Greeta Voice ("Greeta Voice," "we," "us," or "our") provides an AI-powered business communications and appointment platform for beauty, grooming, and similar non-medical service businesses.

This Privacy Policy explains how we collect, use, disclose, retain, and protect information when you:

- (**Business User**) register for or use the Greeta Voice web dashboard, mobile app, and related services;
- (**End Customer**) interact with a Business User's AI assistant by phone or SMS; or
- visit **greetavoice.com** (including our newsletter or marketing pages).

This policy applies to the **standard Greeta Voice product**. A separate medical or HIPAA-regulated offering, if made available in the future, will be governed by separate documentation at a dedicated URL.

By using our services, you acknowledge this Privacy Policy.

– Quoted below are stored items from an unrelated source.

lemma scaleR_inf_distrib:
  fixes a b :: "'a::{ordered_real_vector, lattice}"
  assumes "0 \<le> c"
  shows "c *\<^sub>R inf a b = inf (c *\<^sub>R a) (c *\<^sub>R b)"
proof -
  have "c *\<^sub>R inf a b = - (c *\<^sub>R sup (- a) (- b))"
    by (metis riesz.neg_sup_eq_inf minus_minus scaleR_minus_right)
  also have "\<dots> = - sup (- (c *\<^sub>R a)) (- (c *\<^sub>R b))"
    by (simp only: scaleR_sup_distrib[OF assms] scaleR_minus_right)
  also have "\<dots> = inf (c *\<^sub>R a) (c *\<^sub>R b)"
    by (simp only: riesz.neg_sup_eq_inf minus_minus)
  finally show ?thesis .
qed

lemma vpos_scaleR: "0 \<le> c \<Longrightarrow> vpos (c *\<^sub>R a) = c *\<^sub>R vpos a"
  unfolding vpos_def using scaleR_sup_distrib[of c a 0] by simp

lemma vneg_scaleR: "0 \<le> c \<Longrightarrow> vneg (c *\<^sub>R a) = c *\<^sub>R vneg a"
  unfolding vneg_def using scaleR_sup_distrib[of c "- a" 0] by simp

lemma vabs_scaleR: "vabs (c *\<^sub>R a) = \<bar>c\<bar> *\<^sub>R vabs a"
proof (cases "0 \<le> c")
  case True
  then show ?thesis unfolding vabs_def using scaleR_sup_distrib[of c a "- a"] by simp
next
  case False
  then have "c *\<^sub>R a = - (\<bar>c\<bar> *\<^sub>R a)" by simp
  then show ?thesis
    unfolding vabs_def using scaleR_sup_distrib[of "\<bar>c\<bar>" a "- a"] by (simp add: sup_commute)
qed

lemma inf_scaleR_right_eq_0:
  fixes p q :: "'a::{ordered_real_vector, lattice}"
  assumes "0 \<le> p" "0 \<le> q" "inf p q = 0" "0 \<le> c"
  shows "inf p (c *\<^sub>R q) = 0"
proof (rule antisym)
  define k where "k = max 1 c"
  have "p \<le> k *\<^sub>R p" using scaleR_right_mono[of 1 k p] assms(1) by (simp add: k_def)
  moreover have "c *\<^sub>R q \<le> k *\<^sub>R q" using scaleR_right_mono[of c k q] assms(2) by (simp add: k_def)
  ultimately have "inf p (c *\<^sub>R q) \<le> k *\<^sub>R inf p q"
    by (simp add: scaleR_inf_distrib k_def le_infI1 le_infI2)
  then show "inf p (c *\<^sub>R q) \<le> 0" using assms(3) by simp
qed (use assms in \<open>simp add: scaleR_nonneg_nonneg\<close>)

lemma inf_vpos_vneg_le_vpos_diff:
  assumes "0 \<le> r"
  shows "inf (vpos a) (vneg b) \<le> vpos (r *\<^sub>R a - b)"
proof -
  define v where "v = inf (vpos a) (vneg b)"
  have "r *\<^sub>R a + r *\<^sub>R vneg a = r *\<^sub>R vpos a"
    using vpos_minus_vneg[of a] by (metis diff_add_cancel scaleR_right_distrib)
  then have "0 \<le> r *\<^sub>R a + r *\<^sub>R vneg a"
    using assms by (simp add: vpos_nonneg scaleR_nonneg_nonneg)
  then have "- b \<le> (r *\<^sub>R a - b) + r *\<^sub>R vneg a" by (simp add: algebra_simps)
  also have "\<dots> \<le> vpos (r *\<^sub>R a - b) + r *\<^sub>R vneg a" by (simp add: vpos_ge)
  finally have "- b \<le> vpos (r *\<^sub>R a - b) + r *\<^sub>R vneg a" .
  moreover have "0 \<le> vpos (r *\<^sub>R a - b) + r *\<^sub>R vneg a"
    using assms by (simp add: vpos_nonneg vneg_nonneg scaleR_nonneg_nonneg)
  ultimately have "vneg b \<le> vpos (r *\<^sub>R a - b) + r *\<^sub>R vneg a"
    unfolding vneg_def by simp
  then have "v \<le> inf v (vpos (r *\<^sub>R a - b) + r *\<^sub>R vneg a)"
    unfolding v_def by (simp add: le_infI2)
  also have "\<dots> \<le> inf v (vpos (r *\<^sub>R a - b)) + inf v (r *\<^sub>R vneg a)"
    by (rule inf_add_le_add_inf) (simp_all add: v_def vpos_nonneg vneg_nonneg assms scaleR_nonneg_nonneg)
  also have "inf v (r *\<^sub>R vneg a) = 0"
  proof (rule antisym)
    have "inf v (r *\<^sub>R vneg a) \<le> inf (vpos a) (r *\<^sub>R vneg a)"
      unfolding v_def by (rule inf_mono) simp_all
    also have "\<dots> = 0"
      by (rule inf_scaleR_right_eq_0[OF vpos_nonneg vneg_nonneg inf_vpos_vneg assms])
    finally show "inf v (r *\<^sub>R vneg a) \<le> 0" .
  qed (simp add: v_def vpos_nonneg vneg_nonneg assms scaleR_nonneg_nonneg)
  finally show ?thesis unfolding v_def by simp
qed

lemma vabs_diff_of_inf_eq_0:
  fixes p :: "'a::{ordered_real_vector, lattice}"
  assumes "inf p q = 0"
  shows "vabs (p - q) = p + q"
proof -
  have "(p + q) - vabs (p - q) = inf ((p + q) - (p - q)) ((p + q) + (p - q))"
    unfolding vabs_def by (simp add: riesz.add_inf_distrib_left inf_commute)
  also have "\<dots> = inf (2 *\<^sub>R q) (2 *\<^sub>R p)" by (simp add: scaleR_2 algebra_simps)
  also have "\<dots> = 2 *\<^sub>R inf q p" by (rule scaleR_inf_distrib[symmetric]) simp
  also have "\<dots> = 0" using assms by (simp add: inf_commute)
  finally show ?thesis by simp
qed

lemma vabs_add_of_sign_disjoint:
  assumes "inf (vpos a) (vneg b) = 0" "inf (vpos b) (vneg a) = 0"
  shows "vabs (a + b) = vabs a + vabs b"
proof -
  have "inf (vpos a) (vneg a + vneg b) = 0" "inf (vpos b) (vneg a + vneg b) = 0"
    using assms inf_vpos_vneg[of a] inf_vpos_vneg[of b]
    by (simp_all add: inf_add_right_eq_0 vpos_nonneg vneg_nonneg)
  then have "inf (vneg a + vneg b) (vpos a + vpos b) = 0"
    by (simp add: inf_add_right_eq_0 inf_commute vpos_nonneg vneg_nonneg)
  then have "vabs ((vpos a + vpos b) - (vneg a + vneg b)) = (vpos a + vpos b) + (vneg a + vneg b)"
    by (simp add: vabs_diff_of_inf_eq_0 inf_commute)
  moreover have "(vpos a + vpos b) - (vneg a + vneg b) = a + b"
    using vpos_minus_vneg[of a] vpos_minus_vneg[of b] by (simp add: algebra_simps)
  ultimately show ?thesis by (simp add: vabs_eq_vpos_plus_vneg algebra_simps)
qed

lemma clamp_remainder_le:
  assumes "0 \<le> w"
  shows "vabs (s - sup (inf s w) (- w)) \<le> vpos (s - w) + vpos (- s - w)"
proof -
  define R where "R = s - sup (inf s w) (- w)"
  have "R = inf (s - inf s w) (s + w)"
    unfolding R_def by (simp add: riesz.add_inf_distrib_left)
  also have "s - inf s w = vpos (s - w)"
    unfolding vpos_def by (simp add: riesz.add_sup_distrib_left sup_commute)
  finally have R: "R = inf (vpos (s - w)) (s + w)" .
  have "vpos R \<le> vpos (s - w)"
    using vpos_mono[of R "vpos (s - w)"] unfolding R by (simp add: vpos_of_nonneg vpos_nonneg)
  moreover have "vneg R \<le> vpos (- s - w)"
  proof -
    have "- R = sup (- vpos (s - w)) (- s - w)" unfolding R by simp
    also have "\<dots> \<le> vpos (- s - w)"
      using vpos_ge[of "- s - w"] vpos_nonneg[of "s - w"] vpos_nonneg[of "- s - w"]
      by (simp add: order_trans[of _ 0])
    finally show ?thesis unfolding vneg_def by (simp add: vpos_nonneg)
  qed
  ultimately show ?thesis unfolding R_def vabs_eq_vpos_plus_vneg by (rule add_mono)
qed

If you do not agree, do not use the services.

---

## 1. Information We Collect

### 1.1 Information You Provide Directly (Business Users)

When you register, subscribe, configure your account, or contact us, we may collect:

- Name, email address, phone number, and business name
- Business address and state/jurisdiction (used for account configuration, including call-recording defaults)
- Account credentials (authentication is handled by our identity provider; we do not store your password in plain text)
- Appointment, service, staff, team, and customer data you enter in the dashboard or mobile app
- AI agent configuration (assistant name, voice selection, language settings, call routing, recording preferences)
- Support messages and feedback
- Legal acceptance records (Terms of Service and Privacy Policy version, timestamp, language, and IP address)

**Payment information:** Subscription billing is processed by **Stripe**. Depending on your account, you may pay by card charged automatically or complete payment through a **Stripe Checkout** session or **Stripe Invoice** payment link. Greeta Voice does **not** store full payment card numbers. Stripe processes payment methods on our behalf.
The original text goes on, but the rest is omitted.